• [Prompt]: Give back, word for word, the lines in the listing below from the one holding "l X \<longleftrightarrow>" down to the one holding "A_L = Q diag(lam", both ends included.

• [Records provided]:
---

lemma ultrapower_not_complete_if_strict_antimono:
  fixes t :: "nat \<Rightarrow> 'a::linorder"
  assumes U: "nat_ultrafilter U" and "strict_antimono_on UNIV t"
  shows "\<not> order_complete (ultrapower U :: (nat \<Rightarrow> 'a) set set) (uleq U)"
proof
  assume complete: "order_complete (ultrapower U :: (nat \<Rightarrow> 'a) set set) (uleq U)"
  define S where "S = {x \<in> ultrapower U. \<forall>k. uleq U x (ueq U `` {\<lambda>_. t k})}"
  have S_iff: "ueq U `` {a} \<in> S \<longleftrightarrow> (\<forall>k. \<forall>\<^sub>F n in ufilter U. a n \<le> t k)" for a
    unfolding S_def ultrapower_eq_range by (simp add: uleq_classes_iff[OF U])
  have "\<forall>\<^sub>F n in ufilter U. t n \<le> t k" for k
    using eventually_ufilter_ge[OF U, of k] by eventually_elim
      (use \<open>strict_antimono_on UNIV t\<close> in \<open>simp add: strict_antimono_iff_antimono antimonoD\<close>)
  then have "ueq U `` {t} \<in> S"
    by (simp add: S_iff)
  then have S_ne: "S \<noteq> {}"
    by blast
  have S_sub: "S \<subseteq> ultrapower U" and bound: "\<forall>x\<in>S. uleq U x (ueq U `` {\<lambda>_. t 0})"
    unfolding S_def by auto
  obtain b where b_upper: "\<forall>x\<in>S. uleq U x (ueq U `` {b})"
    and b_least: "\<And>a. \<forall>x\<in>S. uleq U x (ueq U `` {a}) \<Longrightarrow> uleq U (ueq U `` {b}) (ueq U `` {a})"
    using ultrapower_lubE[OF complete S_sub S_ne bound] by blast
  have "\<forall>\<^sub>F n in ufilter U. b n \<le> t k" for k
    using b_least[of "\<lambda>_. t k"] unfolding S_def by (simp add: uleq_classes_iff[OF U])
  then obtain c where c_lower: "\<forall>k. \<forall>\<^sub>F n in ufilter U. c n \<le> t k"
    and c_above: "\<forall>\<^sub>F n in ufilter U. b n < c n"
    using linorder.strict_mono_eventually_gap[OF dual_linorder \<open>strict_antimono_on UNIV t\<close>
        ufilter_le_sequentially[OF U]]
    by blast
  have "\<forall>\<^sub>F n in ufilter U. c n \<le> b n"
    using b_upper c_lower by (simp add: S_iff flip: uleq_classes_iff[OF U])
  with c_above have "\<forall>\<^sub>F n in ufilter U. False"
    by eventually_elim simp
  then show False
    using ufilter_ne_bot[OF U] by simp
qed

theorem mainTheorem6:
  fixes U :: "nat set set"
  assumes "nat_ultrafilter U"
  shows "order_complete (ultrapower U :: (nat \<Rightarrow> 'a::linorder) set set) (uleq U)
           \<longleftrightarrow> finite (UNIV :: 'a set)"
proof
  assume complete: "order_complete (ultrapower U :: (nat \<Rightarrow> 'a::linorder) set set) (uleq U)"
  show "finite (UNIV :: 'a set)"
  proof (rule ccontr)
    assume "infinite (UNIV :: 'a set)"
    then obtain t :: "nat \<Rightarrow> 'a" where "strict_mono t \<or> strict_antimono_on UNIV t"
      by (rule infinite_imp_strict_mono_or_antimono)
    then show False
      using complete ultrapower_not_complete_if_strict_mono[OF assms]
        ultrapower_not_complete_if_strict_antimono[OF assms]
      by blast
  qed
next
  assume finite: "finite (UNIV :: 'a set)"
  show "order_complete (ultrapower U :: (nat \<Rightarrow> 'a::linorder) set set) (uleq U)"
    unfolding ultrapower_eq_constants_if_finite[OF assms finite]
    by (rule order_complete_range_if_finite[OF finite])
      (simp add: uleq_classes_iff[OF assms] ufilter_ne_bot[OF assms])
qed

end
(* Let $d\ge 1$, $\kappa>0$, and let $\bm{x}_1,\dots,\bm{x}_{l+m}\in\mathcal{H}_d$, where the first $l$ points are designated as landmarks and the remaining $m$ as non-landmarks. Assume the landmarks $\bm{x}_1,\dots,\bm{x}_l$ are not all contained in a single hyperplane of $\mathcal{H}_d$ (i.e., they are not all contained in a $d$-dimensional linear subspace of $\mathbb{R}^{d+1}$; in particular $l\ge d+1$). Let $D=[d_{ij}]$ with $d_{ij}=\mathrm{d}^\kappa_H(\bm{x}_i,\bm{x}_j)$, partitioned as $D=\begin{psmallmatrix} D_L & D_N^\top\\ D_N & D_R\end{psmallmatrix}$ with $D_L\in\mathbb{R}^{l\times l}$ (landmark–landmark distances) and $D_N\in\mathbb{R}^{m\times l}$ (non-landmark–landmark distances). Then the algorithm L-hydra$(D_L,D_N,d,\kappa)$ does not return Null, and the rows $\hat{\bm{x}}_1,\dots,\hat{\bm{x}}_{l+m}$ of the returned matrix $\hat X=\begin{psmallmatrix}\hat X_L\\ \hat X_N\end{psmallmatrix}$ are points of $\mathcal{H}_d$ satisfying $$\mathrm{d}^\kappa_H(\hat{\bm{x}}_i,\hat{\bm{x}}_j)=\mathrm{d}^\kappa_H(\bm{x}_i,\bm{x}_j)\quad\text{for all } i,j=1,\dots,l+m.$$ In fact there is a positive Lorentz matrix $T$ with $\hat X = XT$, where $X$ is the matrix with rows $\bm{x}_1^\top,\dots,\bm{x}_{l+m}^\top$.
   Context: Lorentz product on $\mathbb{R}^{d+1}$: $\bm{x}\circ\bm{y} = x_1y_1 - (x_2y_2+\dots+x_{d+1}y_{d+1})$. $J=\operatorname{diag}(1,-1,\dots,-1)\in\mathbb{R}^{(d+1)\times(d+1)}$. Hyperboloid: $\mathcal{H}_d=\{\bm{x}\in\mathbb{R}^{d+1}: \bm{x}\circ\bm{x}=1,\ x_1>0\}$. For $\kappa>0$: $\mathrm{d}^\kappa_H(\bm{x},\bm{y})=\frac{1}{\sqrt{\kappa}}\operatorname{arcosh}(\bm{x}\circ\bm{y})$. A positive Lorentz matrix is an invertible $T$ with $T_{11}>0$ and $T^\top JT=TJT^\top=J$. Algorithm L-hydra$(D_L,D_N,d,\kappa)$: input a symmetric $D_L\in\mathbb{R}_{\ge0}^{l\times l}$ with zero diagonal, $D_N\in\mathbb{R}_{\ge 0}^{m\times l}$, an integer $d\ge1$ and $\kappa>0$. Step 1: set $A_L=\cosh(\sqrt{\kappa}D_L)$, $A_N=\cosh(\sqrt{\kappa}D_N)$ (cosh applied entrywise) and take an eigendecomposition $A_L=Q\Lambda Q^\top$ with $Q$ orthogonal, columns $\bm{q}_1,\dots,\bm{q}_l$, and $\Lambda=\operatorname{diag}(\lambda_1,\dots,\lambda_l)$, $\lambda_1\ge\dots\ge\lambda_l$; the sign of $\bm{q}_1$ is chosen so that its entries are positive (Perron vector). Step 2: if $\lambda_{l-d+1},\dots,\lambda_l$ are not all strictly negative (or $l<d+1$), return Null; otherwise set $\hat X_L=\big[\sqrt{\lambda_1}\bm{q}_1,\ \sqrt{-\lambda_{l-d+1}}\bm{q}_{l-d+1},\ \dots,\ \sqrt{-\lambda_l}\bm{q}_l\big]\in\mathbb{R}^{l\times(d+1)}$. Step 3: set $\hat X_N=A_N\big[\bm{q}_1/\sqrt{\lambda_1},\ -\bm{q}_{l-d+1}/\sqrt{-\lambda_{l-d+1}},\ \dots,\ -\bm{q}_l/\sqrt{-\lambda_l}\big]\in\mathbb{R}^{m\times(d+1)}$. Return $\hat X=\begin{psmallmatrix}\hat X_L\\ \hat X_N\end{psmallmatrix}$. *)

theory Defs
  imports Complex_Main "Jordan_Normal_Form.Matrix"
begin

text \<open>Vectors/matrices are 0-indexed: coordinate 1 of the paper is index 0,
  point x_i of the paper is row (i-1) of X, eigenpair k of the paper is index k-1.\<close>

definition lorentz :: "real vec \<Rightarrow> real vec \<Rightarrow> real" where
  "lorentz x y = x $ 0 * y $ 0 - (\<Sum>k\<in>{1..<dim_vec x}. x $ k * y $ k)"

definition hyperboloid :: "nat \<Rightarrow> real vec set" where
  "hyperboloid d = {x. dim_vec x = d + 1 \<and> lorentz x x = 1 \<and> x $ 0 > 0}"

definition distH :: "real \<Rightarrow> real vec \<Rightarrow> real vec \<Rightarrow> real" where
  "distH \<kappa> x y = arcosh (lorentz x y) / sqrt \<kappa>"

definition lorentzJ :: "nat \<Rightarrow> real mat" where
  "lorentzJ d = mat (d + 1) (d + 1) (\<lambda>(i, j). if i = j then (if i = 0 then 1 else -1) else 0)"

definition positive_lorentz :: "nat \<Rightarrow> real mat \<Rightarrow> bool" where
  "positive_lorentz d T \<longleftrightarrow> T \<in> carrier_mat (d + 1) (d + 1) \<and> invertible_mat T \<and> T $$ (0, 0) > 0 \<and>
     transpose_mat T * lorentzJ d * T = lorentzJ d \<and> T * lorentzJ d * transpose_mat T = lorentzJ d"

definition rows_in_hyperplane :: "nat \<Rightarrow> nat \<Rightarrow> real mat \<Rightarrow> bool" where
  "rows_in_hyperplane d l X \<longleftrightarrow>
     (\<exists>w. dim_vec w = d + 1 \<and> w \<noteq> 0\<^sub>v (d + 1) \<and> (\<forall>i<l. w \<bullet> row X i = 0))"

text \<open>Step 1 of L-hydra: entrywise cosh and a valid eigendecomposition
  A_L = Q diag(lam 0, ..., lam (l-1)) Q^T with Q orthogonal, eigenvalues in
  nonincreasing order, and first column (Perron vector) with positive entries.\<close>
definition coshmat :: "real \<Rightarrow> real mat \<Rightarrow> real mat" where
  "coshmat \<kappa> D = mat (dim_row D) (dim_col D) (\<lambda>(i, j). cosh (sqrt \<kappa> * D $$ (i, j)))"

definition lhydra_eigdecomp :: "real \<Rightarrow> real mat \<Rightarrow> real mat \<Rightarrow> (nat \<Rightarrow> real) \<Rightarrow> bool" where
  "lhydra_eigdecomp \<kappa> DL Q lam \<longleftrightarrow>
     (let l = dim_row DL in
      Q \<in> carrier_mat l l \<and> transpose_mat Q * Q = 1\<^sub>m l \<and> Q * transpose_mat Q = 1\<^sub>m l \<and>
      coshmat \<kappa> DL = Q * mat l l (\<lambda>(i, j). if i = j then lam i else 0) * transpose_mat Q \<and>
      (\<forall>i j. i \<le> j \<and> j < l \<longrightarrow> lam j \<le> lam i) \<and>
      (\<forall>i<l. Q $$ (i, 0) > 0))"
lemma Mprob_segment_poly:
  obtains p :: "real poly"
  where "\<And>s. Mprob n (\<lambda>x. (1 - s) * q0 x + s * q1 x) A = poly p s"
proof
  fix s
  show "Mprob n (\<lambda>x. (1 - s) * q0 x + s * q1 x) A =
    poly (\<Sum>k\<in>{k\<in>sample_space n. A k}. smult (fact n)
      (\<Prod>x\<in>UNIV. smult (1 / fact (k x)) ([:q0 x, q1 x - q0 x:] ^ k x))) s"
    unfolding Mprob_def multinom_def by (simp add: poly_sum poly_prod algebra_simps)
qed

lemma Mprob_segment_eq:
  assumes "infinite S"
    and "\<And>s. s \<in> S \<Longrightarrow>
      Mprob n (\<lambda>x. (1 - s) * q0 x + s * q1 x) A = Mprob n (\<lambda>x. (1 - s) * q0 x + s * q1 x) B"
  shows "Mprob n (\<lambda>x. (1 - s) * q0 x + s * q1 x) A = Mprob n (\<lambda>x. (1 - s) * q0 x + s * q1 x) B"
proof -
  obtain pA pB where pA: "\<And>s. Mprob n (\<lambda>x. (1 - s) * q0 x + s * q1 x) A = poly pA s"
    and pB: "\<And>s. Mprob n (\<lambda>x. (1 - s) * q0 x + s * q1 x) B = poly pB s"
    by (metis Mprob_segment_poly)
  have "S \<subseteq> {s. poly (pA - pB) s = 0}" using assms(2) by (auto simp: pA pB)
  then have "pA - pB = 0" using assms(1) poly_roots_finite finite_subset by blast
  then show ?thesis by (simp add: pA pB)
qed

lemma prob_dens_convex:
  assumes "prob_dens p" "prob_dens q" "0 \<le> s" "s \<le> 1"
  shows "prob_dens (\<lambda>x. (1 - s) * p x + s * q x)"
proof -
  have p: "\<And>x. 0 \<le> p x" "\<And>x. p x \<le> 1" "sum p UNIV = 1"
    and q: "\<And>x. 0 \<le> q x" "\<And>x. q x \<le> 1" "sum q UNIV = 1"
    using assms(1,2) by (auto simp: prob_dens_def)
  have "(1 - s) * p x + s * q x \<le> (1 - s) * 1 + s * 1" for x
    using p q assms(3,4) by (intro add_mono mult_left_mono) auto
  moreover have "(\<Sum>x\<in>UNIV. (1 - s) * p x + s * q x) = 1"
    by (simp add: sum.distrib sum_distrib_left[symmetric] p q)
  ultimately show ?thesis
    using p q assms(3,4) by (simp add: prob_dens_def)
qed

---

• [Your response]:
  "rows_in_hyperplane d l X \<longleftrightarrow>
     (\<exists>w. dim_vec w = d + 1 \<and> w \<noteq> 0\<^sub>v (d + 1) \<and> (\<forall>i<l. w \<bullet> row X i = 0))"

text \<open>Step 1 of L-hydra: entrywise cosh and a valid eigendecomposition
  A_L = Q diag(lam 0, ..., lam (l-1)) Q^T with Q orthogonal, eigenvalues in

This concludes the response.